Maybe I should get into the habit of doing that, then. I've only ever felt the need to do it for one site before (Daring Fireball which uses an unbelievable 11px font!), and I've been put off in the past by the inferior behaviour of zoom as opposed to text size (which now seems to not even be available in Chrome). Minimum font size would be a good workaround if it didn't apply to the developer console, which is pretty crazy.
Note that you execute C code anyway when you use Python standard implementation (CPython). Point is to use the best C code you can get with limited effort.
> The lesson is clear: do not write Python code as you would do in C. Use numpy array operations rather than iterate on arrays. For me it meant a mental shift.
This was actually one of the main motivators for me to learn Julia. No need to vectorize loops.
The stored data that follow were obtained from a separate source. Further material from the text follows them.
lemma map_emb_mult:
  assumes p: "poly_over M p" and q: "poly_over M q"
  shows "map_poly s (p * q) = map_poly s p * map_poly s q"
proof (rule poly_eqI)
  fix k
  have "s (\<Sum>i\<le>k. coeff p i * coeff q (k - i)) = (\<Sum>i\<le>k. s (coeff p i) * s (coeff q (k - i)))"
    using p q by (simp add: emb_sum emb_mult mult_mem poly_over_def)
  then show "coeff (map_poly s (p * q)) k = coeff (map_poly s p * map_poly s q) k"
    by (simp add: coeff_map_emb coeff_mult)
qed

lemma map_emb_monom: "map_poly s (monom c k) = monom (s c) k"
  by (rule poly_eqI) (simp add: coeff_map_emb coeff_monom emb_zero)

lemma map_emb_pderiv: "poly_over M p \<Longrightarrow> map_poly s (pderiv p) = pderiv (map_poly s p)"
  by (rule poly_eqI)
    (simp add: coeff_map_emb coeff_pderiv emb_mult of_nat_mem emb_of_nat poly_over_def del: of_nat_Suc)

text \<open>An irreducible polynomial is separable: it is coprime to its derivative, and this
  Bezout relation survives the embedding.\<close>
lemma conjugates_distinct:
  fixes r :: "nat \<Rightarrow> complex"
  assumes irr: "irreducible_over M f" and split: "map_poly s f = (\<Prod>k=1..n. [:- r k, 1:])"
    and ij: "i \<in> {1..n}" "j \<in> {1..n}" "i \<noteq> j"
  shows "r i \<noteq> r j"
proof
  assume eq: "r i = r j"
  note f = irreducible_overD(1,2)[OF irr]
  have f': "poly_over M (pderiv f)" using poly_over_pderiv[OF f(1)] .
  have "\<not> f dvd pderiv f"
    using f(2) dvd_imp_degree_le[of f "pderiv f"] by (auto simp: degree_pderiv pderiv_eq_0_iff)
  then obtain a b where ab: "poly_over M a" "poly_over M b" "a * f + b * pderiv f = 1"
    using irreducible_over_coprime[OF irr f'] by metis
  have "map_poly s (a * f + b * pderiv f) = map_poly s 1" using ab(3) by simp
  then have bezout: "map_poly s a * map_poly s f + map_poly s b * pderiv (map_poly s f) = 1"
    using ab(1,2) f f' by (simp add: map_emb_add map_emb_mult map_emb_pderiv poly_over_mult emb_one)
  have "map_poly s f = [:- r i, 1:] * (\<Prod>k\<in>{1..n} - {i}. [:- r k, 1:])"
    unfolding split using ij by (subst prod.remove[of _ i]) auto
  also have "(\<Prod>k\<in>{1..n} - {i}. [:- r k, 1:]) = [:- r i, 1:] * (\<Prod>k\<in>{1..n} - {i} - {j}. [:- r k, 1:])"
    using ij eq by (subst prod.remove[of _ j]) auto
  finally have split_twice: "map_poly s f = [:- r i, 1:] * ([:- r i, 1:] * (\<Prod>k\<in>{1..n} - {i} - {j}. [:- r k, 1:]))" .
  have double_root: "poly (L * (L * T)) z = 0" "poly (pderiv (L * (L * T))) z = 0"
    if "poly L z = 0" for L T :: "complex poly" and z
    using that by (simp_all add: pderiv_mult)
  have "poly (map_poly s f) (r i) = 0" "poly (pderiv (map_poly s f)) (r i) = 0"
    unfolding split_twice by (rule double_root, simp)+
  then show False using arg_cong[OF bezout, of "\<lambda>p. poly p (r i)"] by simp
qed

lemma conjugate_root:
  fixes r :: "nat \<Rightarrow> complex"
  assumes irr: "irreducible_over M f" and split: "map_poly s f = (\<Prod>k=1..n. [:- r k, 1:])"
    and p: "poly_over M p" and "poly f a = 0" "poly p a = 0" and k: "k \<in> {1..n}"
  shows "poly (map_poly s p) (r k) = 0"
proof -
  obtain d where "poly_over M d" "p = d * f"
    using irreducible_over_quotient[OF irr p assms(4,5)] by blast
  moreover have "poly (map_poly s f) (r k) = 0"
    unfolding split poly_prod using k by (intro prod_zero) auto
  ultimately show ?thesis using irreducible_overD(1)[OF irr] by (simp add: map_emb_mult)
qed

end

section \<open>Estimates for products of linear forms\<close>

lemma exists_min_index:
  fixes g :: "nat \<Rightarrow> real"
  assumes "n \<ge> 1"
  obtains i where "i \<in> {1..n}" "\<And>k. k \<in> {1..n} \<Longrightarrow> g i \<le> g k"
  using arg_min_if_finite(1)[of "{1..n}" g] arg_min_least[of "{1..n}" _ g] assms by force

lemma exists_factor_le_root:
  fixes \<beta> :: "nat \<Rightarrow> complex"
  assumes "n \<ge> 1"
  obtains k where "k \<in> {1..n}" "cmod (\<beta> k) \<le> root n (cmod (\<Prod>k=1..n. \<beta> k))"
proof -
  obtain k where k: "k \<in> {1..n}" "\<And>j. j \<in> {1..n} \<Longrightarrow> cmod (\<beta> k) \<le> cmod (\<beta> j)"
    using exists_min_index[OF assms, of "\<lambda>k. cmod (\<beta> k)"] by metis
  have "cmod (\<beta> k) ^ n = (\<Prod>j=1..n. cmod (\<beta> k))" by simp
  also have "\<dots> \<le> (\<Prod>j=1..n. cmod (\<beta> j))" using k(2) by (intro prod_mono) auto
  also have "\<dots> = cmod (\<Prod>j=1..n. \<beta> j)" by (simp add: prod_norm)
  finally have "root n (cmod (\<beta> k) ^ n) \<le> root n (cmod (\<Prod>j=1..n. \<beta> j))"
    using assms by simp
  then show ?thesis using that k(1) assms by (simp add: real_root_power_cancel)
qed

lemma smallest_linear_factor_bound:
  fixes r :: "nat \<Rightarrow> complex" and a b :: complex
  assumes n: "n \<ge> 1" and distinct: "inj_on r {1..n}" and b: "b \<noteq> 0"
  obtains i where "i \<in> {1..n}"
    "cmod (a - r i * b) \<le>
       cmod (\<Prod>k=1..n. a - r k * b) / (\<Prod>j\<in>{1..n} - {i}. cmod (r j - r i) / 2) / cmod b ^ (n - 1)"
proof -
  define \<beta> where "\<beta> k = a - r k * b" for k
  obtain i where i: "i \<in> {1..n}" "\<And>k. k \<in> {1..n} \<Longrightarrow> cmod (\<beta> i) \<le> cmod (\<beta> k)"
    using exists_min_index[OF n, of "\<lambda>k. cmod (\<beta> k)"] by metis
  define c where "c j = cmod (r j - r i) / 2" for j
  have lower: "c j * cmod b \<le> cmod (\<beta> j)" if "j \<in> {1..n}" for j
  proof -
    have "\<beta> j - \<beta> i = (r i - r j) * b" by (simp add: \<beta>_def algebra_simps)
    then have "2 * c j * cmod b = cmod (\<beta> j - \<beta> i)"
      by (simp add: c_def norm_mult norm_minus_commute)
    also have "\<dots> \<le> cmod (\<beta> j) + cmod (\<beta> i)" by (rule norm_triangle_ineq4)
    finally show ?thesis using i(2)[OF that] by simp
  qed
  have c_pos: "c j > 0" if "j \<in> {1..n} - {i}" for j
  proof -
    have "r j \<noteq> r i" using that i(1) distinct unfolding inj_on_def by blast
    then show ?thesis by (simp add: c_def)
  qed
  have "cmod (\<beta> i) * ((\<Prod>j\<in>{1..n} - {i}. c j) * cmod b ^ (n - 1))
      = cmod (\<beta> i) * (\<Prod>j\<in>{1..n} - {i}. c j * cmod b)"
    using i(1) by (simp add: prod.distrib)
  also have "\<dots> \<le> cmod (\<beta> i) * (\<Prod>j\<in>{1..n} - {i}. cmod (\<beta> j))"
    using lower by (intro mult_left_mono prod_mono) (auto simp: c_def)
  also have "\<dots> = (\<Prod>k=1..n. cmod (\<beta> k))"
    using prod.remove[of "{1..n}" i "\<lambda>k. cmod (\<beta> k)"] i(1) by simp
  also have "\<dots> = cmod (\<Prod>k=1..n. \<beta> k)" by (simp add: prod_norm)
  finally have le: "cmod (\<beta> i) * ((\<Prod>j\<in>{1..n} - {i}. c j) * cmod b ^ (n - 1)) \<le> cmod (\<Prod>k=1..n. \<beta> k)" .
  have "(\<Prod>j\<in>{1..n} - {i}. c j) * cmod b ^ (n - 1) > 0"
    using c_pos b by (intro mult_pos_pos prod_pos) auto
  then have "cmod (\<beta> i) \<le> cmod (\<Prod>k=1..n. \<beta> k) / ((\<Prod>j\<in>{1..n} - {i}. c j) * cmod b ^ (n - 1))"
    using le by (simp add: pos_le_divide_eq)
  then show ?thesis using that i(1) unfolding \<beta>_def c_def divide_divide_eq_left by blast
qed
Looping through things is idiomatic Julia code that the compiler knows what to do with.
> The lesson is clear: do not write Python code as you would do in C. Use numpy array operations rather than iterate on arrays. For me it meant a mental shift.
I think the lesson is that "performance critical software requires attention to very many specific details." Using a garbage collected language that allocates objects on the heap by default means that you'll have to take special steps to change the default behavior of the system. You will see very similar behavior with C++, Java, etc.
> I didn't use Pypy so far because it only supports part of Numpy, and not Pandas, Scipy, and Sklearn. It may be that Pypy supports enough of Numpy to run my closest distance code though. If that's the case, then I'll blog about it soon.
I'll confess, I was eagerly waiting the pypy results. IMO using pypy means I get the best of both worlds: more code that can be naively python with python idioms and still yield sufficient performance. For critical algorithms where I can't hit sufficient performance, it's appropriate to use cffi or something to optimize.